> **Problem**
All that should come back is the lines of the data below from the one containing "by (simp add: Ncount_def L_def)" to the one containing "using tau by auto", inclusive, exactly as they stand.

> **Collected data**
******
(* Let $P$ be a program and let $\tau = \alpha \cdot \mathit{issue}(p,t)\cdot \beta\cdot \mathit{com}(p,t)$ be a minimal anomaly of $P$ such that $\mathit{issue}(p,t)$ happens before $\mathit{com}(p,t)$ through $\beta$. Then there exists an event $\mathit{issue}(p',t')$ in $\beta$ such that $(\mathit{issue}(p',t'),\mathit{com}(p,t))\in\mathsf{hb}$.
   Context: Programs: parallel compositions of processes, each a sequence of transactions (reads of shared variables into registers, writes of register expressions to shared variables, assume statements, delimited by begin and commit). Snapshot isolation (SI): a transaction reads/writes a local snapshot of the central memory taken at its begin and can commit (publishing its writes) only if no transaction committed after its begin wrote a variable it writes. Serializability: every transaction executes atomically. Traces: each transaction $t$ of process $p$ yields an issue event $\mathit{issue}(p,t)$ (begin, reads, local writes) and a commit event $\mathit{com}(p,t)$. Dependencies: $\mathsf{po}$ (program order), $\mathsf{rf}$ (write-read), $\mathsf{st}$ (store order between writes to the same variable), $\mathsf{cf}$ (conflict: a read does not see a write to the same variable that would affect it if visible), and issue-to-commit of the same transaction; $\mathsf{hb}^1$ is their union, $\mathsf{hb}$ (happens-before) its transitive closure. An anomaly of $P$ is a trace of an SI execution of $P$ that is not a trace of any serializable execution. "$a$ happens before $b$ through $\beta$" in a trace $\alpha\cdot a\cdot\beta\cdot b\cdot\gamma$ means there is a nonempty subsequence $c_1\cdots c_n$ of $\beta$ with $c_i\to_{\mathsf{hb}^1}c_{i+1}$ for all $i\in[0,n]$, $c_0=a$, $c_{n+1}=b$. A transaction is delayed in a trace if its issue happens before its commit through the events between them; an anomaly is minimal if it has the least number of delayed transactions among all anomalies of $P$. *)

theory Defs
  imports Main
begin

datatype ('x, 'r) instr =
    Read 'r 'x
  | Write 'x "('r \<Rightarrow> int) \<Rightarrow> int"
  | Assume "('r \<Rightarrow> int) \<Rightarrow> bool"

type_synonym ('x, 'r) txn = "('x, 'r) instr list"      (* body between begin and commit *)
type_synonym ('x, 'r) process = "('x, 'r) txn list"
type_synonym ('x, 'r) prog = "('x, 'r) process list"
(* Assume the PACE setting below. Then \[ \mathbb{E}\,\tilde{\delta}(\hat C, C) \le \frac{T}{\tau n^2}\,\mathbb{E}\|\hat C^{(S)} - C^{(S)}\|_F^2 + \pi_{\max}\,\max_{i,j}\mathbb{P}(N_{ij}<\tau), \] and moreover \[ \mathbb{E}\|\hat C^{(S)} - C^{(S)}\|_F^2 \le n^2\,\mathbb{P}(|S|<m_\star) + 4\,\mathbb{E}\big[|S|^2\,\delta(\hat Z_S, Z_S)\,\mathbf 1\{|S|\ge m_\star\}\big]. \]
   Context: PACE setting. Nodes are $[n]=\{1,\dots,n\}$; $Z\in\{0,1\}^{n\times K}$ is a fixed (true) cluster membership matrix (each row has exactly one $1$), $C=ZZ^\top$, $n_k$ is the number of nodes in cluster $k$, $\pi_k=n_k/n$, $\pi_{\max}=\max_k\pi_k$. Fix integers $m_\star\ge1$, $T\ge1$ and a real $\tau>0$. Random node subsets $S_1,\dots,S_T\subseteq[n]$ are chosen (jointly with a random network) by some sampling scheme. For a subset $S$, $C^{(S)}$ denotes the $n\times n$ matrix with $C^{(S)}_{ij}=C_{ij}$ if $i,j\in S$ and $0$ otherwise. For each $\ell$, $\hat C^{(\ell)}$ is a random $n\times n$ matrix vanishing outside $S_\ell\times S_\ell$: if $|S_\ell|\ge m_\star$ then $\hat C^{(\ell)}$ is the zero-extension of $\hat Z_{S_\ell}\hat Z_{S_\ell}^\top$, where $\hat Z_{S_\ell}\in\{0,1\}^{|S_\ell|\times K}$ is a cluster membership matrix output by some clustering algorithm on the subgraph induced by $S_\ell$; if $|S_\ell|<m_\star$ then $\hat C^{(\ell)}=0$. It is assumed that the pairs $(S_\ell,\hat C^{(\ell)})$, $\ell=1,\dots,T$, are identically distributed, each with the distribution of a generic pair $(S,\hat C^{(S)})$ (with corresponding $\hat Z_S$). Let $y^{(\ell)}_{ij}=\mathbf 1\{i\in S_\ell, j\in S_\ell\}$, $N_{ij}=\sum_{\ell=1}^T y^{(\ell)}_{ij}$, and define the PACE estimator $\hat C_{ij} = \mathbf 1\{N_{ij}\ge\tau\}\,\frac{\sum_{\ell=1}^T y^{(\ell)}_{ij}\hat C^{(\ell)}_{ij}}{N_{ij}}$ (taken to be $0$ when $N_{ij}<\tau$). $Z_S\in\{0,1\}^{|S|\times K}$ is the submatrix of $Z$ with rows in $S$; $\delta(\hat Z_S,Z_S)=\min_Q \frac{1}{|S|}\|\hat Z_SQ-Z_S\|_0$ over $K\times K$ permutation matrices $Q$ ($\|\cdot\|_0$ counts nonzero entries); $\tilde\delta(\hat C,C)=\frac1{n^2}\|\hat C-C\|_F^2$. Expectations are over all randomness (network and sampling). *)

theory Defs
  imports "HOL-Probability.Probability"
begin

text \<open>Nodes are {1..n}; clusters are labelled 0..K-1. A cluster membership matrix
  Z in {0,1}^(n x K) with exactly one 1 per row is represented by its label function
  z (row i has its 1 in column z i).\<close>

definition memb :: "(nat \<Rightarrow> nat) \<Rightarrow> nat \<Rightarrow> nat \<Rightarrow> real" where
  "memb z i k = (if z i = k then 1 else 0)"

text \<open>C = Z Z^T.\<close>
definition cmat :: "(nat \<Rightarrow> nat) \<Rightarrow> nat \<Rightarrow> nat \<Rightarrow> real" where
  "cmat z i j = (if z i = z j then 1 else 0)"

definition cmat_S :: "(nat \<Rightarrow> nat) \<Rightarrow> nat set \<Rightarrow> nat \<Rightarrow> nat \<Rightarrow> real" where
  "cmat_S z S i j = (if i \<in> S \<and> j \<in> S then cmat z i j else 0)"

text \<open>hat C^(S): zero-extension of hat Z_S hat Z_S^T if |S| >= m_star, zero otherwise;
  zh is the label function of the clustering output on S.\<close>
definition chat_S :: "nat \<Rightarrow> nat set \<Rightarrow> (nat \<Rightarrow> nat) \<Rightarrow> nat \<Rightarrow> nat \<Rightarrow> real" where
  "chat_S mstar S zh i j =
     (if card S \<ge> mstar \<and> i \<in> S \<and> j \<in> S then cmat zh i j else 0)"

definition frob2 :: "nat \<Rightarrow> (nat \<Rightarrow> nat \<Rightarrow> real) \<Rightarrow> (nat \<Rightarrow> nat \<Rightarrow> real) \<Rightarrow> real" where
  "frob2 n A B = (\<Sum>i\<in>{1..n}. \<Sum>j\<in>{1..n}. (A i j - B i j)^2)"

definition delta_tilde :: "nat \<Rightarrow> (nat \<Rightarrow> nat \<Rightarrow> real) \<Rightarrow> (nat \<Rightarrow> nat \<Rightarrow> real) \<Rightarrow> real" where
  "delta_tilde n A B = frob2 n A B / (real n)^2"

definition pmat :: "(nat \<Rightarrow> nat) \<Rightarrow> nat \<Rightarrow> nat \<Rightarrow> real" where
  "pmat \<sigma> l k = (if \<sigma> l = k then 1 else 0)"

definition delta_mis :: "nat \<Rightarrow> nat set \<Rightarrow> (nat \<Rightarrow> nat) \<Rightarrow> (nat \<Rightarrow> nat) \<Rightarrow> real" where
  "delta_mis K S zh z = Min ((\<lambda>\<sigma>. (1 / real (card S)) *
       real (card {(i, k). i \<in> S \<and> k < K \<and>
          (\<Sum>l<K. memb zh i l * pmat \<sigma> l k) \<noteq> memb z i k}))
     ` {\<sigma>. \<sigma> permutes {..<K}})"

definition Ncount :: "nat \<Rightarrow> (nat \<Rightarrow> nat set) \<Rightarrow> nat \<Rightarrow> nat \<Rightarrow> nat" where
  "Ncount T S i j = card {l \<in> {1..T}. i \<in> S l \<and> j \<in> S l}"

definition pace :: "nat \<Rightarrow> real \<Rightarrow> (nat \<Rightarrow> nat set) \<Rightarrow> (nat \<Rightarrow> nat \<Rightarrow> nat \<Rightarrow> real)
    \<Rightarrow> nat \<Rightarrow> nat \<Rightarrow> real" where
  "pace T \<tau> S Ch i j =
     (if real (Ncount T S i j) \<ge> \<tau> then
        (\<Sum>l\<in>{1..T}. (if i \<in> S l \<and> j \<in> S l then 1 else 0) * Ch l i j)
          / real (Ncount T S i j)
      else 0)"

definition pi_max :: "nat \<Rightarrow> nat \<Rightarrow> (nat \<Rightarrow> nat) \<Rightarrow> real" where
  "pi_max n K z = Max ((\<lambda>k. real (card {i \<in> {1..n}. z i = k}) / real n) ` {..<K})"

end

theory Submission
  imports Defs
begin

(* Where N_ij >= tau, the PACE entry is the mean of the N_ij subsample entries Chat^(l)_ij, and on
   those subsamples C_ij = C^(S_l)_ij; by Cauchy-Schwarz its squared error is at most
   (1/tau) * sum_l (Chat^(l)_ij - C^(S_l)_ij)^2.  Where N_ij < tau the entry is 0 and the error is
   C_ij in {0,1}.  Summing over entries, taking expectations and using that the subsamples are
   identically distributed gives the first bound, since a row of C has at most n * pi_max ones.

   For the second bound, a subsample smaller than m_star costs at most n^2.  On a large one,
   relabel Zhat_S by the optimal permutation: if i and j are both correctly labelled then
   Chat_ij = C_ij, so the error is at most 2|S| times the number of misclassified nodes, each of
   which is a nonzero entry of Zhat_S Q - Z_S. *)

lemma power2_mean_diff_le:
  fixes f :: "'a \<Rightarrow> real"
  assumes "finite L" and "L \<noteq> {}"
  shows "((\<Sum>l\<in>L. f l) / card L - c)^2 \<le> (\<Sum>l\<in>L. (f l - c)^2) / card L"
proof -
  have pos: "0 < real (card L)"
    using assms by (simp add: card_gt_0_iff)
  have "(\<Sum>l\<in>L. f l) / card L - c = (\<Sum>l\<in>L. 1 * (f l - c)) / card L"
    using pos by (simp add: sum_subtractf field_simps)
  then have "((\<Sum>l\<in>L. f l) / card L - c)^2 = (\<Sum>l\<in>L. 1 * (f l - c))^2 / (card L)^2"
    by (simp add: power_divide)
  also have "\<dots> \<le> (\<Sum>l\<in>L. 1^2) * (\<Sum>l\<in>L. (f l - c)^2) / (card L)^2"
    by (intro divide_right_mono Cauchy_Schwarz_ineq_sum) simp
  also have "\<dots> = (\<Sum>l\<in>L. (f l - c)^2) / card L"
    using pos by (simp add: power2_eq_square)
  finally show ?thesis .
qed

lemma pace_sq_err_le:
  fixes S :: "nat \<Rightarrow> nat set" and Ch :: "nat \<Rightarrow> nat \<Rightarrow> nat \<Rightarrow> real"
  assumes tau: "\<tau> > 0" and Ch_out: "\<And>l. \<not> (i \<in> S l \<and> j \<in> S l) \<Longrightarrow> Ch l i j = 0"
  shows "(pace T \<tau> S Ch i j - cmat z i j)^2
    \<le> (\<Sum>l\<in>{1..T}. (Ch l i j - cmat_S z (S l) i j)^2) / \<tau>
      + cmat z i j * of_bool (real (Ncount T S i j) < \<tau>)"
proof -
  define L where "L = {l \<in> {1..T}. i \<in> S l \<and> j \<in> S l}"
  have N_eq: "Ncount T S i j = card L"
    by (simp add: Ncount_def L_def)
  have err_nonneg: "0 \<le> (\<Sum>l\<in>{1..T}. (Ch l i j - cmat_S z (S l) i j)^2) / \<tau>"
    using tau by (simp add: sum_nonneg)
  show ?thesis
  proof (cases "\<tau> \<le> real (card L)")
    case False
    then show ?thesis
      using err_nonneg by (auto simp: pace_def N_eq cmat_def)
  next
    case True
    then have "L \<noteq> {}"
      using tau by auto
    have "(\<Sum>l\<in>{1..T}. (if i \<in> S l \<and> j \<in> S l then 1 else 0) * Ch l i j) = (\<Sum>l\<in>L. Ch l i j)"
      unfolding L_def by (subst sum.inter_filter) (auto intro: sum.cong)
    then have "pace T \<tau> S Ch i j = (\<Sum>l\<in>L. Ch l i j) / card L"
      using True by (simp add: pace_def N_eq)
    then have "(pace T \<tau> S Ch i j - cmat z i j)^2 \<le> (\<Sum>l\<in>L. (Ch l i j - cmat z i j)^2) / card L"
      using power2_mean_diff_le[OF _ \<open>L \<noteq> {}\<close>] by (simp add: L_def)
    also have "\<dots> \<le> (\<Sum>l\<in>L. (Ch l i j - cmat z i j)^2) / \<tau>"
      using True tau by (intro divide_left_mono sum_nonneg) auto
    also have "\<dots> = (\<Sum>l\<in>L. (Ch l i j - cmat_S z (S l) i j)^2) / \<tau>"
      by (intro arg_cong[where f = "\<lambda>x. x / \<tau>"] sum.cong) (auto simp: L_def cmat_S_def)
    also have "\<dots> \<le> (\<Sum>l\<in>{1..T}. (Ch l i j - cmat_S z (S l) i j)^2) / \<tau>"
      using tau by (intro divide_right_mono sum_mono2) (auto simp: L_def)
    finally show ?thesis
      by (simp add: cmat_def add_increasing2)
  qed
qed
******
> **Response area**
    by (simp add: Ncount_def L_def)
  have err_nonneg: "0 \<le> (\<Sum>l\<in>{1..T}. (Ch l i j - cmat_S z (S l) i j)^2) / \<tau>"
    using tau by (simp add: sum_nonneg)
  show ?thesis
  proof (cases "\<tau> \<le> real (card L)")
    case False
    then show ?thesis
      using err_nonneg by (auto simp: pace_def N_eq cmat_def)
  next
    case True
    then have "L \<noteq> {}"
      using tau by auto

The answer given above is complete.